Dengan membandingkan persebaran muslim di sekitar garis-garis merah pada 2014 dan 2019, serta garis yang lebih curam di 2019 dibanding 2014, kami menemukan hubungan yang lebih erat antara agama yang dianut pemilih dan dukungan kepada Jokowi di 2019—hukungan ini lebih kuat dibanding 2014. Korelasi antara persebaran populasi muslim dan sikap oposisi mereka terhadap Jokowi juga terulang di seluruh wilayah Indonesia pada pilpres kali ini.
Secara keseluruhan, pola-pola yang digambarkan secara konsisten menunjukkan pembelahan antara muslim dan non-muslim, juga antara etnis Jawa dan non-Jawa.
Kita dapat menyelidiki lebih jauh pentingnya pembelahan antara Jawa dan non-Jawa ini dengan melihat tempat-tempat di mana suara Jokowi relatif meningkat pada 2019. Gambar berikut menunjukkan porsi suara Jokowi pada 2019 (kiri) dan penguatan dukungan terhadap Jokowi (atau daerah “swing”) dari 2014 ke 2019 dengan membandingkan daerah-daerah yang berpenduduk mayoritas Jawa dengan seluruh daerah lainnya.
Jokowi tidak hanya menang di daerah-daerah berpenduduk mayoritas Jawa pada 2019, ia juga mempertebal kemenangannya di hampir seluruh daerah berpenduduk mayoritas Jawa.
Identitas vs Pembangunan
Apakah pola-pola ini merefleksikan sesuatu yang lain ketimbang identitas agama dan etnis?
Barangkali Jokowi juga menarik perhatian penduduk miskin, warga pedesaan, atau penduduk daerah terluar yang tertinggal secara ekonomi.
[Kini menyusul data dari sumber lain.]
definition opposite_quadrants :: "(nat \<Rightarrow> nat \<Rightarrow> int) \<Rightarrow> nat \<Rightarrow> nat \<Rightarrow> bool" where
  "opposite_quadrants b i j \<longleftrightarrow>
     b i 0 \<noteq> 0 \<and> b i 1 \<noteq> 0 \<and> sgn (b j 0) = - sgn (b i 0) \<and> sgn (b j 1) = - sgn (b i 1)"

definition nu :: "(nat \<Rightarrow> nat \<Rightarrow> int) \<Rightarrow> nat \<Rightarrow> nat \<Rightarrow> nat" where
  "nu b i j = (if opposite_quadrants b i j
               then nat (min \<bar>b i 0 * b j 1\<bar> \<bar>b j 0 * b i 1\<bar>) else 0)"

definition alpha :: "nat \<Rightarrow> (nat \<Rightarrow> nat \<Rightarrow> int) \<Rightarrow> (nat \<Rightarrow>\<^sub>0 nat)" where
  "alpha n b = Abs_poly_mapping
     (\<lambda>i. if i < n \<and> b i 0 > 0 then Max {nu b i j | j. j < n} else 0)"

end

(*
  Let u = p b(1) + q b(2) lie in L_B. To a lattice point x = (s, t) attach the monomial
  d^(alpha + u_+ - B x); at (0, 0) and at (p, q) it is d^alpha d^(u_+) and d^alpha d^(u_-).
  When two neighbouring lattice points both have nonnegative exponent vectors, the difference of
  their monomials is a monomial multiple of a generator of I.  Hence d^alpha (d^(u_+) - d^(u_-))
  lies in I once (0, 0) and (p, q) are joined by a walk of unit steps through such admissible points.
  Reflecting and translating reduces this to p, q >= 0.  There the walk goes up while the rows of B
  in the open quadrant (-, +) allow it, and right otherwise; on a forced right step a row i in the
  quadrant (+, -) overshoots its bound by at most a product from the 2x2 minor of rows i and j, which
  is at most nu_ij <= alpha_i.
*)

theory Submission
  imports Defs
begin

interpretation ring_module: module "(*) :: 'a::comm_ring_1 \<Rightarrow> 'a \<Rightarrow> 'a"
  by unfold_locales (simp_all add: algebra_simps)

(* With multiplication as scaling, scale_scale is mult.assoc reversed and loops with algebra_simps. *)
declare ring_module.scale_scale [simp del]

lemma ideal_gen_eq_span: "ideal_gen G = ring_module.span G"
  unfolding ideal_gen_def ring_module.span_explicit by blast

lemma mult_ideal_gen_subset:
  assumes "\<And>g. g \<in> G \<Longrightarrow> m * g \<in> ideal_gen H" and "f \<in> ideal_gen G"
  shows "m * f \<in> ideal_gen H"
  using assms(2) unfolding ideal_gen_eq_span
proof (induction rule: ring_module.span_induct_alt)
  case base
  show ?case by (simp add: ring_module.span_zero)
next
  case (step c g f)
  have "m * g \<in> ring_module.span H"
    using assms(1)[OF step.hyps(1)] unfolding ideal_gen_eq_span .
  from ring_module.span_add[OF ring_module.span_scale[OF this, of c] step.IH]
  show ?case by (simp add: algebra_simps)
qed

lemma lookup_pos_part: "Poly_Mapping.lookup (pos_part n u) i = (if i < n then nat (u i) else 0)"
proof -
  have "finite {i. (if i < n then nat (u i) else 0) \<noteq> 0}"
    by (rule finite_subset[of _ "{..<n}"]) auto
  from lookup_Abs_poly_mapping[OF this] show ?thesis unfolding pos_part_def by simp
qed

lemma neg_part_eq_pos_part_uminus: "neg_part n u = pos_part n (\<lambda>i. - u i)"
  unfolding neg_part_def pos_part_def ..

lemma dmono_add: "dmono (u + v) = dmono u * dmono v"
  by (simp add: dmono_def mult_single)

lemma dmono_diff_eq_mult_binom:
  assumes "\<And>i. i < n \<Longrightarrow> g i = h i + w i"
    and "\<And>i. i < n \<Longrightarrow> 0 \<le> g i" and "\<And>i. i < n \<Longrightarrow> 0 \<le> h i"
  shows "dmono (pos_part n g) - dmono (pos_part n h)
       = dmono (pos_part n (\<lambda>i. min (g i) (h i))) * binom n w"
proof -
  have "nat (g i) = nat (min (g i) (h i)) + nat (w i)"
    and "nat (h i) = nat (min (g i) (h i)) + nat (- w i)" if "i < n" for i
    using assms[OF that] by auto
  then have split_pos: "pos_part n g = pos_part n (\<lambda>i. min (g i) (h i)) + pos_part n w"
    and split_neg: "pos_part n h = pos_part n (\<lambda>i. min (g i) (h i)) + neg_part n w"
    by (auto intro!: poly_mapping_eqI simp: lookup_pos_part neg_part_eq_pos_part_uminus lookup_add)
  show ?thesis
    unfolding split_pos split_neg binom_def dmono_add by (simp add: right_diff_distrib)
qed

lemma lattice_basis_ideal_eq_span:
  "lattice_basis_ideal n b = ring_module.span {binom n (column b 0), binom n (column b 1)}"
  unfolding lattice_basis_ideal_def ideal_gen_eq_span ..

lemma step_monomials_diff_in_basis_ideal:
  assumes "k < 2" and "\<And>i. i < n \<Longrightarrow> g i = h i + b i k"
    and "\<And>i. i < n \<Longrightarrow> 0 \<le> g i" and "\<And>i. i < n \<Longrightarrow> 0 \<le> h i"
  shows "dmono (pos_part n g) - dmono (pos_part n h) \<in> lattice_basis_ideal n b"
proof -
  have "binom n (column b k) \<in> {binom n (column b 0), binom n (column b 1)}"
    using assms(1) by (auto simp: less_2_cases_iff)
  then have "dmono (pos_part n (\<lambda>i. min (g i) (h i))) * binom n (column b k)
      \<in> lattice_basis_ideal n b"
    unfolding lattice_basis_ideal_eq_span by (intro ring_module.span_scale ring_module.span_base)
  with dmono_diff_eq_mult_binom[of n g h "column b k"] assms(2-4) show ?thesis
    by (simp add: column_def)
qed

(* The right step from (s, t) is forced because row (aj, cj) blocks the step up; row (ai, ci) then
   exceeds its bound by at most min (ai cj) (aj ci). *)
lemma blocked_row_bound:
  fixes ai ci aj cj s t p q :: int
  assumes "0 < ai" "ci < 0" "aj < 0" "0 < cj" "0 \<le> t" "s + 1 \<le> p"
    and blocked: "max 0 (p * aj + q * cj) < s * aj + (t + 1) * cj"
  shows "(s + 1) * ai + t * ci \<le> min (ai * cj) (aj * ci) + max 0 (p * ai + q * ci)"
proof -
  define X where "X = (s + 1) * ai + t * ci"
  define Y where "Y = (s + 1) * aj + t * cj"
  define D where "D = ai * cj - aj * ci"
  have "Y = s * aj + (t + 1) * cj + aj - cj"
    unfolding Y_def by (simp add: algebra_simps)
  with blocked have Y_lower: "Y \<ge> max 0 (p * aj + q * cj) + 1 + aj - cj"
    by linarith
  \<comment> \<open>The only place where integrality is used.\<close>
  have corner: "0 \<le> (- aj - 1) * (cj - 1)"
    using assms(3,4) by simp
  show ?thesis
  proof (cases "D \<le> 0")
    case True
    have "(- aj) * X = D * t - ai * Y"
      unfolding X_def Y_def D_def by (simp add: algebra_simps)
    also have "\<dots> \<le> - ai * Y"
      using True assms(5) by (simp add: mult_nonpos_nonneg)
    also have "\<dots> \<le> ai * (cj - aj - 1)"
    proof -
      have "ai * (max 0 (p * aj + q * cj) + 1 + aj - cj) \<le> ai * Y"
        using Y_lower assms(1) by simp
      moreover have "0 \<le> ai * max 0 (p * aj + q * cj)"
        using assms(1) by simp
      ultimately show ?thesis
        by (simp add: algebra_simps)
    qed
    also have "\<dots> \<le> (- aj) * (ai * cj)"
      using mult_nonneg_nonneg[OF _ corner, of ai] assms(1) by (simp add: algebra_simps)
    finally have "X \<le> ai * cj"
      using assms(3) by simp
    moreover have "min (ai * cj) (aj * ci) = ai * cj"
      using True unfolding D_def by simp
    ultimately show ?thesis
      unfolding X_def by simp
  next
    case False
    have "cj * X = D * (s + 1) + ci * Y"
      unfolding X_def Y_def D_def by (simp add: algebra_simps)
    also have "\<dots> \<le> D * p + ci * Y"
      using False assms(6) by simp
    also have "\<dots> = cj * (p * ai + q * ci) + ci * (Y - (p * aj + q * cj))"
      unfolding D_def by (simp add: algebra_simps)
    also have "\<dots> \<le> cj * (p * ai + q * ci) + ci * (1 + aj - cj)"
      using Y_lower assms(2) by (simp add: mult_left_mono_neg)
    also have "\<dots> \<le> cj * (p * ai + q * ci) + cj * (aj * ci)"
      using mult_nonneg_nonneg[OF _ corner, of "- ci"] assms(2) by (simp add: algebra_simps)
    finally have "X \<le> p * ai + q * ci + aj * ci"
      using assms(4) by (simp add: distrib_left[symmetric])
    moreover have "min (ai * cj) (aj * ci) = aj * ci"
      using False unfolding D_def by simp
    ultimately show ?thesis
      unfolding X_def by simp
  qed
qed

definition grid_adjacent :: "int \<times> int \<Rightarrow> int \<times> int \<Rightarrow> bool" where
  "grid_adjacent x y \<longleftrightarrow> \<bar>fst x - fst y\<bar> + \<bar>snd x - snd y\<bar> = 1"

definition grid_connected :: "(int \<times> int) set \<Rightarrow> int \<times> int \<Rightarrow> int \<times> int \<Rightarrow> bool" where
  "grid_connected R = (\<lambda>x y. x \<in> R \<and> y \<in> R \<and> grid_adjacent x y)\<^sup>*\<^sup>*"

lemma grid_connected_refl: "grid_connected R x x"
  unfolding grid_connected_def by simp

lemma grid_connected_step:
  "x \<in> R \<Longrightarrow> y \<in> R \<Longrightarrow> grid_adjacent x y \<Longrightarrow> grid_connected R y z
    \<Longrightarrow> grid_connected R x z"
  unfolding grid_connected_def by (rule converse_rtranclp_into_rtranclp) auto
Mungkin pula daya tarik Prabowo mampu mengikat masyarakat yang relatif lebih makmur, khususnya kelas menengah perkotaan. Untuk menguji hipotesis ini, kami membutuhkan data perilaku pemilih hingga tingkat perorangan, yang sayangnya tidak tersedia.
Namun, kita tetap dapat menguji pola-pola ini lewat data agregat sebagai korelasi ekologis dengan menjalankan regresi sederhana yang memprediksi perolehan suara Jokowi-Amin sebagai raihan suara Jokowi-JK, jumlah total pemilih (ukuran kasar populasi di tingkat daerah), variabel demografi di tingkat daerah (persentase muslim, Jawa, dan fragmentasi etnis yang dihitung sebagai ELF, indeks rata-rata pengembangan rumah tangga, dan indeks urbanisasi daerah, serta efek tetap provinsi (dihilangkan dari presentasi di bawah ini).
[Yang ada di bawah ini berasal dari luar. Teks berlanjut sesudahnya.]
lemma cube_vec_in_graver_basis:
  assumes v1: "binary k v1" and v2: "binary k v2"
  shows "cube_vec k v1 v2 \<in> graver_basis (2*k+1) (4*k+2) (A_mat k)"
proof (rule graver_basis_memI)
  show "cube_vec k v1 v2 \<in> int_kernel (2*k+1) (4*k+2) (A_mat k)"
    unfolding cube_vec_def blocks_in_int_kernel_iff by simp
  show "cube_vec k v1 v2 \<noteq> (\<lambda>_. 0)"
    by (metis blocks_apply_last(1) cube_vec_def zero_neq_neg_one)
  fix v assume vK: "v \<in> int_kernel (2*k+1) (4*k+2) (A_mat k)" and nz: "v \<noteq> (\<lambda>_. 0)"
    and conf: "conformal_le (4*k+2) v (cube_vec k v1 v2)"
  from vK obtain x1 x2 x3 x4 a where v: "v = blocks k x1 x2 x3 x4 a (- a)"
    and sums: "\<forall>i<k. x1 i + x2 i = a" "\<forall>i<k. x3 i + x4 i = - a"
    by (rule int_kernel_blocksE)
  have C: "\<forall>i<k. conformal_le_int (x1 i) (- v1 i) \<and> conformal_le_int (x2 i) (v1 i - 1)
      \<and> conformal_le_int (x3 i) (v2 i) \<and> conformal_le_int (x4 i) (1 - v2 i)"
    and "conformal_le_int a (-1)"
    using conf unfolding v cube_vec_def conformal_le_blocks_iff by simp_all
  then have "a = 0 \<or> a = -1" by (simp add: conformal_le_int_unit)
  text \<open>Both pairs of coordinates of \<open>cube_vec\<close> have equal signs, so \<open>a\<close> determines them.\<close>
  have same_sign: "0 \<le> (- v1 i) * (v1 i - 1)" "0 \<le> v2 i * (1 - v2 i)" if "i < k" for i
    using that v1 v2 by (auto simp: binary_def)
  show "v = cube_vec k v1 v2"
  proof (cases "a = 0")
    case True
    have "x1 i = 0 \<and> x2 i = 0 \<and> x3 i = 0 \<and> x4 i = 0" if "i < k" for i
      using conformal_le_int_add_zero[of "x1 i" "- v1 i" "x2 i" "v1 i - 1"]
        conformal_le_int_add_zero[of "x3 i" "v2 i" "x4 i" "1 - v2 i"]
        C same_sign[OF that] sums that True by auto
    then have "v = (\<lambda>_. 0)"
      unfolding v True by (subst zero_eq_blocks[of k]) (simp add: blocks_eq_iff)
    with nz show ?thesis ..
  next
    case False
    with \<open>a = 0 \<or> a = -1\<close> have "a = -1" by simp
    have "x1 i = - v1 i \<and> x2 i = v1 i - 1 \<and> x3 i = v2 i \<and> x4 i = 1 - v2 i" if "i < k" for i
      using conformal_le_int_add_eq[of "x1 i" "- v1 i" "x2 i" "v1 i - 1"]
        conformal_le_int_add_eq[of "x3 i" "v2 i" "x4 i" "1 - v2 i"]
        C same_sign[OF that] sums that \<open>a = -1\<close> by auto
    then show ?thesis
      unfolding v cube_vec_def \<open>a = -1\<close> by (simp add: blocks_eq_iff)
  qed
qed

lemma conformal_le_int_unit_pair:
  assumes sums: "\<forall>i<k. y i + z i = 0"
    and conf: "\<forall>i<k. conformal_le_int (y i) (unitv i0 i) \<and> conformal_le_int (z i) (- unitv i0 i)"
  shows "(\<forall>i<k. y i = 0 \<and> z i = 0) \<or> (\<forall>i<k. y i = unitv i0 i \<and> z i = - unitv i0 i)"
proof -
  have y: "y i = 0 \<or> y i = unitv i0 i" if "i < k" for i
    using conf that by (cases "i = i0") (auto simp: unitv_def conformal_le_int_unit)
  show ?thesis
  proof (cases "i0 < k \<and> y i0 = 1")
    case True
    then have "y i = unitv i0 i" if "i < k" for i
      using y[OF that] by (auto simp: unitv_def)
    then show ?thesis using sums by auto
  next
    case False
    then have "y i = 0" if "i < k" for i
      using y[OF that] that by (auto simp: unitv_def split: if_splits)
    then show ?thesis using sums by auto
  qed
qed
lemma integral_unit_ball_3_radial:
  fixes f :: "real \<Rightarrow> real"
  assumes f: "continuous_on {0..1} f"
  shows "integral (ball (0::real^3) 1) (\<lambda>x. f (norm x)) = 4 * pi * integral {0..1} (\<lambda>r. r\<^sup>2 * f r)"
proof -
  define g where "g r = f (max 0 (min 1 r))" for r
  have g: "continuous_on UNIV g"
    unfolding g_def by (rule continuous_on_compose2[OF f]) (auto intro!: continuous_intros)
  then have g_measurable[measurable]: "g \<in> borel_measurable borel"
    by (rule borel_measurable_continuous_onI)
  let ?B = "ball (0::real^3) 1"
  have "set_integrable lborel (cball (0::real^3) 1) (\<lambda>x. g (norm x))"
    unfolding set_integrable_def
    by (rule borel_integrable_compact) (auto intro!: continuous_on_compose2[OF g] continuous_intros)
  then have int_B: "set_integrable lborel ?B (\<lambda>x. g (norm x))"
    by (rule set_integrable_subset) auto
  have int_01: "set_integrable lborel {0..1::real} (\<lambda>r. r\<^sup>2 * g r)"
    unfolding set_integrable_def
    by (rule borel_integrable_compact) (auto intro!: continuous_on_compose2[OF g] continuous_intros)
  have "integral ?B (\<lambda>x. f (norm x)) = integral ?B (\<lambda>x. g (norm x))"
    by (rule integral_cong) (auto simp: g_def)
  also have "\<dots> = (\<integral>x. indicator ?B x *\<^sub>R g (norm x) \<partial>lborel)"
    using set_borel_integral_eq_integral(2)[OF int_B] by (simp add: set_lebesgue_integral_def)
  also have "\<dots> = (\<integral>x. g (norm x) \<partial>density lborel (\<lambda>x. ennreal (indicator ?B x)))"
    by (rule integral_density[symmetric]) (auto intro!: borel_measurable_indicator borel_open)
  also have "density lborel (\<lambda>x. ennreal (indicator ?B x)) = density lborel (indicator ?B)"
    by (simp add: ennreal_indicator)
  also have "(\<integral>x. g (norm x) \<partial>density lborel (indicator ?B))
      = (\<integral>r. g r \<partial>distr (density lborel (indicator ?B)) borel norm)"
    by (rule integral_distr[symmetric]) auto
  also have "distr (density lborel (indicator ?B)) borel norm
      = density lborel (\<lambda>r. ennreal (4 * pi * r\<^sup>2 * indicator {0..1} r))"
    by (simp add: distr_norm_unit_ball_3 ennreal_mult' ennreal_indicator)
  also have "(\<integral>r. g r \<partial>density lborel (\<lambda>r. ennreal (4 * pi * r\<^sup>2 * indicator {0..1} r)))
      = (\<integral>r. (4 * pi * r\<^sup>2 * indicator {0..1} r) *\<^sub>R g r \<partial>lborel)"
    by (rule integral_density) auto
  also have "\<dots> = 4 * pi * (\<integral>r. indicator {0..1} r *\<^sub>R (r\<^sup>2 * g r) \<partial>lborel)"
    by (subst integral_mult_right_zero[symmetric]) (simp add: mult_ac)
  also have "(\<integral>r. indicator {0..1} r *\<^sub>R (r\<^sup>2 * g r) \<partial>lborel) = integral {0..1} (\<lambda>r. r\<^sup>2 * g r)"
    using set_borel_integral_eq_integral(2)[OF int_01] by (simp add: set_lebesgue_integral_def)
  also have "integral {0..1} (\<lambda>r. r\<^sup>2 * g r) = integral {0..1} (\<lambda>r. r\<^sup>2 * f r)"
    by (rule integral_cong) (auto simp: g_def)
  finally show ?thesis .
qed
Seluruh komponen data ini disediakan oleh IPUMS, demikian pula dengan data agama dan etnis yang sebelumnya digunakan. Untuk menguji apakah dampak suara penduduk muslim bervariasi seturut indikator demografi atau pembangunan, model tambahan memungkinkan variabel ini untuk berinteraksi dengan variabel lainnya.
Hasil yang ditunjukkan memberikan bukti yang cukup kuat bahwa performa Jokowi di Pilpres 2019 secara sistematis lebih baik—dibanding 2014—di daerah-daerah yang penduduk Jawanya banyak, dan lebih buruk di tempat-tempat yang penduduk muslimnya banyak. Tidak ada variabel demografis atau pembangunan lainnya yang muncul untuk memprediksi sebaik apa performa Jokowi [3].
Hanya ada sedikit bukti bahwa hubungan antara persebaran populasi muslim dan dukungannya terhadap Jokowi berbeda berdasarkan faktor-faktor lain, misalnya efek samping populasi Muslim di seluruh area urbanisasi (plot ini diciptakan dengan metode interflex).
Korelasi negatif antara sebaran populasi muslim dan kantong suara Jokowi-Amin pada 2019 lebih tinggi di daerah-daerah yang tingkat urbanisasinya tinggi dibanding daerah-daerah yang urbanisasinya lebih rendah (p = 0,0271). Namun, sekali lagi, hanya itu yang bisa kita simpulkan.
Faktor Nasional vs Regional
Tujuan utama menganalisis hasil suara daerah-daerah pemilihan seperti ini adalah menyeimbangkan temuan yang spesifik dan yang umum. Pada prinsipnya, bisa saja analisis ini menjelaskan sepenuhnya pola suara pasangan calon di seluruh daerah dengan merujuk pada sejumlah kecil faktor nasional. Namun, kenyataannya akan lebih rumit dari itu. Ada banyak faktor lokal dan regional yang memainkan peran yang hampir tak mungkin ditangkap oleh pendekatan statistik seperti ini.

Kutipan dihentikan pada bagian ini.